▶ [MATERIAL FOR THE TASK]:
______________________________
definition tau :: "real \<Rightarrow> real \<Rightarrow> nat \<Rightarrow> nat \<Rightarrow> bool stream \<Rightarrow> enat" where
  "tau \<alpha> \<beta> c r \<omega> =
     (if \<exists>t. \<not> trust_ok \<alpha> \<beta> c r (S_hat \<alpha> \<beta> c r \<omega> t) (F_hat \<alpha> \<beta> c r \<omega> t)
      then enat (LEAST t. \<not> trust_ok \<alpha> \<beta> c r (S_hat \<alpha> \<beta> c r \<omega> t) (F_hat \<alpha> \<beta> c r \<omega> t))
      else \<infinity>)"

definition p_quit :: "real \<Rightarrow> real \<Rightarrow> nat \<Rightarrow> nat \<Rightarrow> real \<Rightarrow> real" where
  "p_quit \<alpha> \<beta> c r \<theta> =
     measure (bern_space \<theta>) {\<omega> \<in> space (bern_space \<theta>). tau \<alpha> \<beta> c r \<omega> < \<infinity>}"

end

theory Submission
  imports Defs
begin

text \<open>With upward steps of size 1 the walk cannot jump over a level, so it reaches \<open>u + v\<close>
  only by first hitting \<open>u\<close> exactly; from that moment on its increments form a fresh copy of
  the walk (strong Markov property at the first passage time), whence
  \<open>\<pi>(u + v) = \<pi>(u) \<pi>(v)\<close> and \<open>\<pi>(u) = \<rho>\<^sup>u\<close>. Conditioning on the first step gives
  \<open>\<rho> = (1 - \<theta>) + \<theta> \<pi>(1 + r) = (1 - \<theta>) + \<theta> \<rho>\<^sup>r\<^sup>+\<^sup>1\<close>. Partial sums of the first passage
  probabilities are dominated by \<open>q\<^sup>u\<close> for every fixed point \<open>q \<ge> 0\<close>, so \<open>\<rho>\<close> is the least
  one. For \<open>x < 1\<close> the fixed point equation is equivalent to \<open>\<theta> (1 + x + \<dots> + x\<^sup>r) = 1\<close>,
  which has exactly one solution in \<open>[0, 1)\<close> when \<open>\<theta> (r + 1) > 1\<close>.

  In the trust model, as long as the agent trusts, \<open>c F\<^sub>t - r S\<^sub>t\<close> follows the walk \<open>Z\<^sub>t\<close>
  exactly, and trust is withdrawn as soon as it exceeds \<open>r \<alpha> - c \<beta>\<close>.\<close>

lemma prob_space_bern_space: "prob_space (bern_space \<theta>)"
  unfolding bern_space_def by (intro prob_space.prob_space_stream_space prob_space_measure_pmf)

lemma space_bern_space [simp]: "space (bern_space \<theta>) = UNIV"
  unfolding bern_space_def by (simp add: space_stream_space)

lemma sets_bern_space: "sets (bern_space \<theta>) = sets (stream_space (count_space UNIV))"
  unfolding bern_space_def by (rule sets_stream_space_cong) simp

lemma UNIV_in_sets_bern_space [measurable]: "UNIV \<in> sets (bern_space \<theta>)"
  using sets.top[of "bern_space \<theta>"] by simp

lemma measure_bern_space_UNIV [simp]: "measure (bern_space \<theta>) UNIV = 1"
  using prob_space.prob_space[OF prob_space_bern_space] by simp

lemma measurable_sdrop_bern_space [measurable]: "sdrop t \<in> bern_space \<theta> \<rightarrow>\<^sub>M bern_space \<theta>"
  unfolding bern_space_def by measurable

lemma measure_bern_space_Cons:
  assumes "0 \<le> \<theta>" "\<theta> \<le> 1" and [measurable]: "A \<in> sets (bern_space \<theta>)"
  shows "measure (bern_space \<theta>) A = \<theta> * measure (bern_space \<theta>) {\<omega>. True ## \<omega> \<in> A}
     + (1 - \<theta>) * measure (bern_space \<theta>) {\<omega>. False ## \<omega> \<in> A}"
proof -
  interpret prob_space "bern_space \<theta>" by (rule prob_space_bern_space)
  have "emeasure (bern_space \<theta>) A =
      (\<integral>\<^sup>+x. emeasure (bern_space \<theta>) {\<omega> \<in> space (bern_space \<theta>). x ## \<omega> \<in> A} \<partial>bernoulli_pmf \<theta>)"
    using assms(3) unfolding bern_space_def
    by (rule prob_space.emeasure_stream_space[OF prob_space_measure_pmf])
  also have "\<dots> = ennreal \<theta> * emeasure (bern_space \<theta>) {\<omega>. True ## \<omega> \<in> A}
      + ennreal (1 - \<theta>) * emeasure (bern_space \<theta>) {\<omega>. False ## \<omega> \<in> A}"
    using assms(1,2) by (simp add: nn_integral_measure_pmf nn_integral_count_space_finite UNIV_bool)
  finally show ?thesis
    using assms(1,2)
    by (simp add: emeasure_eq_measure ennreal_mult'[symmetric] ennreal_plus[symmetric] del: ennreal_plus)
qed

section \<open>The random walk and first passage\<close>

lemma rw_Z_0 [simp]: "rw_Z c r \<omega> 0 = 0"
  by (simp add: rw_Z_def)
______________________________
▶ [AIM OF THE EXERCISE]:
Recreate the full listing above precisely.

▶ [SOLUTION FOR THIS PROBLEM]:
definition tau :: "real \<Rightarrow> real \<Rightarrow> nat \<Rightarrow> nat \<Rightarrow> bool stream \<Rightarrow> enat" where
  "tau \<alpha> \<beta> c r \<omega> =
     (if \<exists>t. \<not> trust_ok \<alpha> \<beta> c r (S_hat \<alpha> \<beta> c r \<omega> t) (F_hat \<alpha> \<beta> c r \<omega> t)
      then enat (LEAST t. \<not> trust_ok \<alpha> \<beta> c r (S_hat \<alpha> \<beta> c r \<omega> t) (F_hat \<alpha> \<beta> c r \<omega> t))
      else \<infinity>)"

definition p_quit :: "real \<Rightarrow> real \<Rightarrow> nat \<Rightarrow> nat \<Rightarrow> real \<Rightarrow> real" where
  "p_quit \<alpha> \<beta> c r \<theta> =
     measure (bern_space \<theta>) {\<omega> \<in> space (bern_space \<theta>). tau \<alpha> \<beta> c r \<omega> < \<infinity>}"

end

theory Submission
  imports Defs
begin

text \<open>With upward steps of size 1 the walk cannot jump over a level, so it reaches \<open>u + v\<close>
  only by first hitting \<open>u\<close> exactly; from that moment on its increments form a fresh copy of
  the walk (strong Markov property at the first passage time), whence
  \<open>\<pi>(u + v) = \<pi>(u) \<pi>(v)\<close> and \<open>\<pi>(u) = \<rho>\<^sup>u\<close>. Conditioning on the first step gives
  \<open>\<rho> = (1 - \<theta>) + \<theta> \<pi>(1 + r) = (1 - \<theta>) + \<theta> \<rho>\<^sup>r\<^sup>+\<^sup>1\<close>. Partial sums of the first passage
  probabilities are dominated by \<open>q\<^sup>u\<close> for every fixed point \<open>q \<ge> 0\<close>, so \<open>\<rho>\<close> is the least
  one. For \<open>x < 1\<close> the fixed point equation is equivalent to \<open>\<theta> (1 + x + \<dots> + x\<^sup>r) = 1\<close>,
  which has exactly one solution in \<open>[0, 1)\<close> when \<open>\<theta> (r + 1) > 1\<close>.

  In the trust model, as long as the agent trusts, \<open>c F\<^sub>t - r S\<^sub>t\<close> follows the walk \<open>Z\<^sub>t\<close>
  exactly, and trust is withdrawn as soon as it exceeds \<open>r \<alpha> - c \<beta>\<close>.\<close>

lemma prob_space_bern_space: "prob_space (bern_space \<theta>)"
  unfolding bern_space_def by (intro prob_space.prob_space_stream_space prob_space_measure_pmf)

lemma space_bern_space [simp]: "space (bern_space \<theta>) = UNIV"
  unfolding bern_space_def by (simp add: space_stream_space)

lemma sets_bern_space: "sets (bern_space \<theta>) = sets (stream_space (count_space UNIV))"
  unfolding bern_space_def by (rule sets_stream_space_cong) simp

lemma UNIV_in_sets_bern_space [measurable]: "UNIV \<in> sets (bern_space \<theta>)"
  using sets.top[of "bern_space \<theta>"] by simp

lemma measure_bern_space_UNIV [simp]: "measure (bern_space \<theta>) UNIV = 1"
  using prob_space.prob_space[OF prob_space_bern_space] by simp

lemma measurable_sdrop_bern_space [measurable]: "sdrop t \<in> bern_space \<theta> \<rightarrow>\<^sub>M bern_space \<theta>"
  unfolding bern_space_def by measurable

lemma measure_bern_space_Cons:
  assumes "0 \<le> \<theta>" "\<theta> \<le> 1" and [measurable]: "A \<in> sets (bern_space \<theta>)"
  shows "measure (bern_space \<theta>) A = \<theta> * measure (bern_space \<theta>) {\<omega>. True ## \<omega> \<in> A}
     + (1 - \<theta>) * measure (bern_space \<theta>) {\<omega>. False ## \<omega> \<in> A}"
proof -
  interpret prob_space "bern_space \<theta>" by (rule prob_space_bern_space)
  have "emeasure (bern_space \<theta>) A =
      (\<integral>\<^sup>+x. emeasure (bern_space \<theta>) {\<omega> \<in> space (bern_space \<theta>). x ## \<omega> \<in> A} \<partial>bernoulli_pmf \<theta>)"
    using assms(3) unfolding bern_space_def
    by (rule prob_space.emeasure_stream_space[OF prob_space_measure_pmf])
  also have "\<dots> = ennreal \<theta> * emeasure (bern_space \<theta>) {\<omega>. True ## \<omega> \<in> A}
      + ennreal (1 - \<theta>) * emeasure (bern_space \<theta>) {\<omega>. False ## \<omega> \<in> A}"
    using assms(1,2) by (simp add: nn_integral_measure_pmf nn_integral_count_space_finite UNIV_bool)
  finally show ?thesis
    using assms(1,2)
    by (simp add: emeasure_eq_measure ennreal_mult'[symmetric] ennreal_plus[symmetric] del: ennreal_plus)
qed

section \<open>The random walk and first passage\<close>

lemma rw_Z_0 [simp]: "rw_Z c r \<omega> 0 = 0"
  by (simp add: rw_Z_def)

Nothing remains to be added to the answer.